SPAM SPAM SPAM

There’s a moment when the usual annoyance turns into something nastier. It stops being background noise and starts feeling like a personal vendetta. Relentless. Like someone’s declared war on my time, my patience, my sanity, and every bloody gadget I own. I’m way past being irritated. I’m past the eye-rolls and the polite sighs. I’m under siege. No breaks, no mercy, just a constant barrage.

And the worst part? Monty Python warned us. They tried to tell us. They gave us the blueprint decades ago.

“Have you got anything without spam?”
“Well, there’s spam egg sausage and spam, that’s not got much spam in it.”
“I don’t want ANY spam!”

What used to be a harmless joke is now my daily reality. Lucky me.

In my world, the waitress is Verizon, AT&T, Outlook, and every botnet this side of hell. No matter what I ask for, they just heap more spam on my plate and act like they’re doing me a kindness.

Let’s talk phones, because that’s where the insanity really screams. At work, I get at least twenty-five spam calls before I’ve even had my first cup of tea. My Verizon cell? Twenty more this morning, and that’s just before noon. Every single one is some spoofed number, pretending to be local, pretending to be someone I might actually give a damn about. They’re built to trick you. And sometimes, aye, they do. Sometimes the number looks just familiar enough that you answer before your brain catches up.

And then it hits. That dead pause. The giveaway silence before the robocall system connects you to some chancer in a call center halfway around the globe. That half-second where your brain screams, ‘Not this shite again.’ Then, right on cue, the voice pipes up, always with the same fake cheer: ‘Hello Colin…’
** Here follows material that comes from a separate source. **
(* Let $G_{\mathit{di}}$ be a knowledge connectivity graph that is Byzantine-safe for $F$ and whose sink component (vertex set $V_{\mathit{sink}}$) contains at least $2f+1$ correct processes. Then participant detectors, the threshold $f$, and the sink detector are sufficient to solve consensus in Stellar: when every process defines its slices by the slice construction below (using $\mathit{PD}_i$, $f$, and the sink detector), the set $W$ of all correct processes forms a consensus cluster, and hence is the (unique) maximal consensus cluster.
   Context: Processes and faults: $\Pi$ is a finite set of processes, $f\ge0$ a known integer; $W\subseteq\Pi$ is the set of correct processes and $F=\Pi\setminus W$ the Byzantine faulty processes, $|F|\le f$. Faulty processes may declare arbitrary slices. Slices and quorums: each process $i$ has a set $\mathcal{S}_i$ of slices (subsets of $\Pi$). $Q\subseteq\Pi$ is a quorum if every $i\in Q$ has some $S\in\mathcal{S}_i$ with $S\subseteq Q$; a quorum of $i$ is a quorum containing $i$. A set $I\subseteq W$ is intertwined if $|Q\cap Q'|>f$ for all $i,j\in I$, every quorum $Q$ of $i$ and every quorum $Q'$ of $j$. A set $I\subseteq W$ is a consensus cluster if (Quorum Intersection) $I$ is intertwined and (Quorum Availability) every $i\in I$ has a quorum $Q$ with $Q\subseteq I$. A maximal consensus cluster is a consensus cluster not strictly contained in another consensus cluster. (Known criterion, from prior work: all correct processes can solve consensus with the Stellar consensus protocol under partial synchrony if there is exactly one maximal consensus cluster and it equals $W$.) Knowledge graph: each process $i$ is given $\mathit{PD}_i\subseteq\Pi$; $G_{\mathit{di}}$ is the directed graph on $\Pi$ with edge $(i,j)$ iff $j\in\mathit{PD}_i$. A sink component is a strongly connected component of $G_{\mathit{di}}$ from which no path leads outside it. A directed graph is $k$-OSR if (1) its underlying undirected graph is connected; (2) its condensation into strongly connected components has exactly one sink $G_{\mathit{sink}}$; (3) $G_{\mathit{sink}}$ is $k$-strongly connected (every ordered pair of its nodes joined by $k$ node-disjoint directed paths); (4) from every node outside $G_{\mathit{sink}}$ to every node in it there are at least $k$ node-disjoint directed paths. $G_{\mathit{di}}$ is Byzantine-safe for $F$ if $|F|\le f$ and the graph obtained from $G_{\mathit{di}}$ by deleting $F$ is $(f+1)$-OSR. $V_{\mathit{sink}}$ denotes the vertex set of the unique sink component of $G_{\mathit{di}}$. Sink detector: an oracle with operation $\mathtt{get\_sink}(\mathit{PD}_i,f)$ returning $\langle \mathit{true},V_{\mathit{sink}}\rangle$ to $i\in V_{\mathit{sink}}$ and $\langle\mathit{false},V_i\rangle$ to $i\notin V_{\mathit{sink}}$, where $V_i\subseteq V_{\mathit{sink}}$ contains at least $f+1$ correct members of $V_{\mathit{sink}}$. Slice construction: let $m=\lceil (|V_{\mathit{sink}}|+f+1)/2\rceil$. Every correct $i\in V_{\mathit{sink}}$ has $\mathcal{S}_i=\{S\subseteq V_{\mathit{sink}}: |S|=m\}$; every correct $i\notin V_{\mathit{sink}}$ has $\mathcal{S}_i=\{S\subseteq V_i: |S|=f+1\}$. *)

theory Defs
  imports Complex_Main
begin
And that’s when the reflex kicks in. The hard shutdown. The verbal eject button. SHUT THE FUCK UP … take me off your fucking list, you useless CUNT! The thing people think is a catchphrase, but is actually a survival mechanism. Because when you’ve been hammered by this garbage day after day, week after week, year after year, you stop entertaining it. You stop being polite. You stop giving them a chance to get a word out. You shut it down instantly because if you don’t, they’ll keep going, and going, and going. It’s not rudeness. It’s self‑defense.

Meanwhile, Verizon, the same lot who sold me the phone, bill me every month, and swear blind their Call Filter is ‘active,’ can’t even get their own app to work on their own bloody network. I spent twenty-eight minutes on the phone with them today. The grand result? ‘We need forty-eight hours to investigate.’ Forty-eight hours to figure out why their own software won’t launch. Brilliant. Absolutely brilliant.

Email’s no better. Between home and work, I’m drowning in over eighty spam emails a day. Gmail actually does its job, but Outlook? Outlook’s like a hall monitor who’s nodded off at his post. The worst rubbish just waltzes in, fake mustache and all. I’ve set up rules, filters, blocklists, safe senders, unsafe senders—you name it. Outlook still lets half the junk through, acting like it’s doing me a favor.

And then there’s the websites. Mine are locked down tighter than a medieval fortress. Firewalls, bot blockers, CAPTCHAs, honeypots, rate limits, blacklists, anti-scraping gadgets—you name it, I’ve thrown it at the wall. Still, the bots get through. It’s like building stone walls, towers, boiling oil, archers, and the enemy just parachutes in anyway. They scrape, they poke, they attack, round the clock. Sometimes I wonder if the folks making the blockers and the folks making the bots are the same people, because the arms race is too perfect. One side patches, the other side levels up. I’m just trying to run a normal site, and the bots treat my forms like a public toilet.

Here’s the ugly truth. Your phone number and email are in more databases than you can count. Those lists get sold, swapped, leaked, scraped. Robocallers use auto-dialers to blast out millions of calls. Spoofing makes them look local. Bots scrape websites for contact forms. Email spam pours in from hacked servers and botnets. Blocking one number is pointless—they just spin up thousands more. The carriers are always playing catch-up. Filters only react, never prevent. Once you’re in, you’re never getting out.

It’s not personal. It’s just volume. Massive, industrial-scale, soul-crushing volume.

So yes, I’m under siege. You’re under siege. Anyone with a phone, email, or website is under siege. Spam calls. Spam emails. Spam bots. Spam texts. Spam bloody everything. And the worst part? We’re just supposed to live with it, like it’s the weather. Like it’s normal. Like it’s fine. Spoiler: it’s not.

Well, I’m done pretending it’s fine. This is my rant. This is my line in the sand. I’m saying it loud and clear: SPAM SPAM SPAM. I don’t want any FUCKING spam.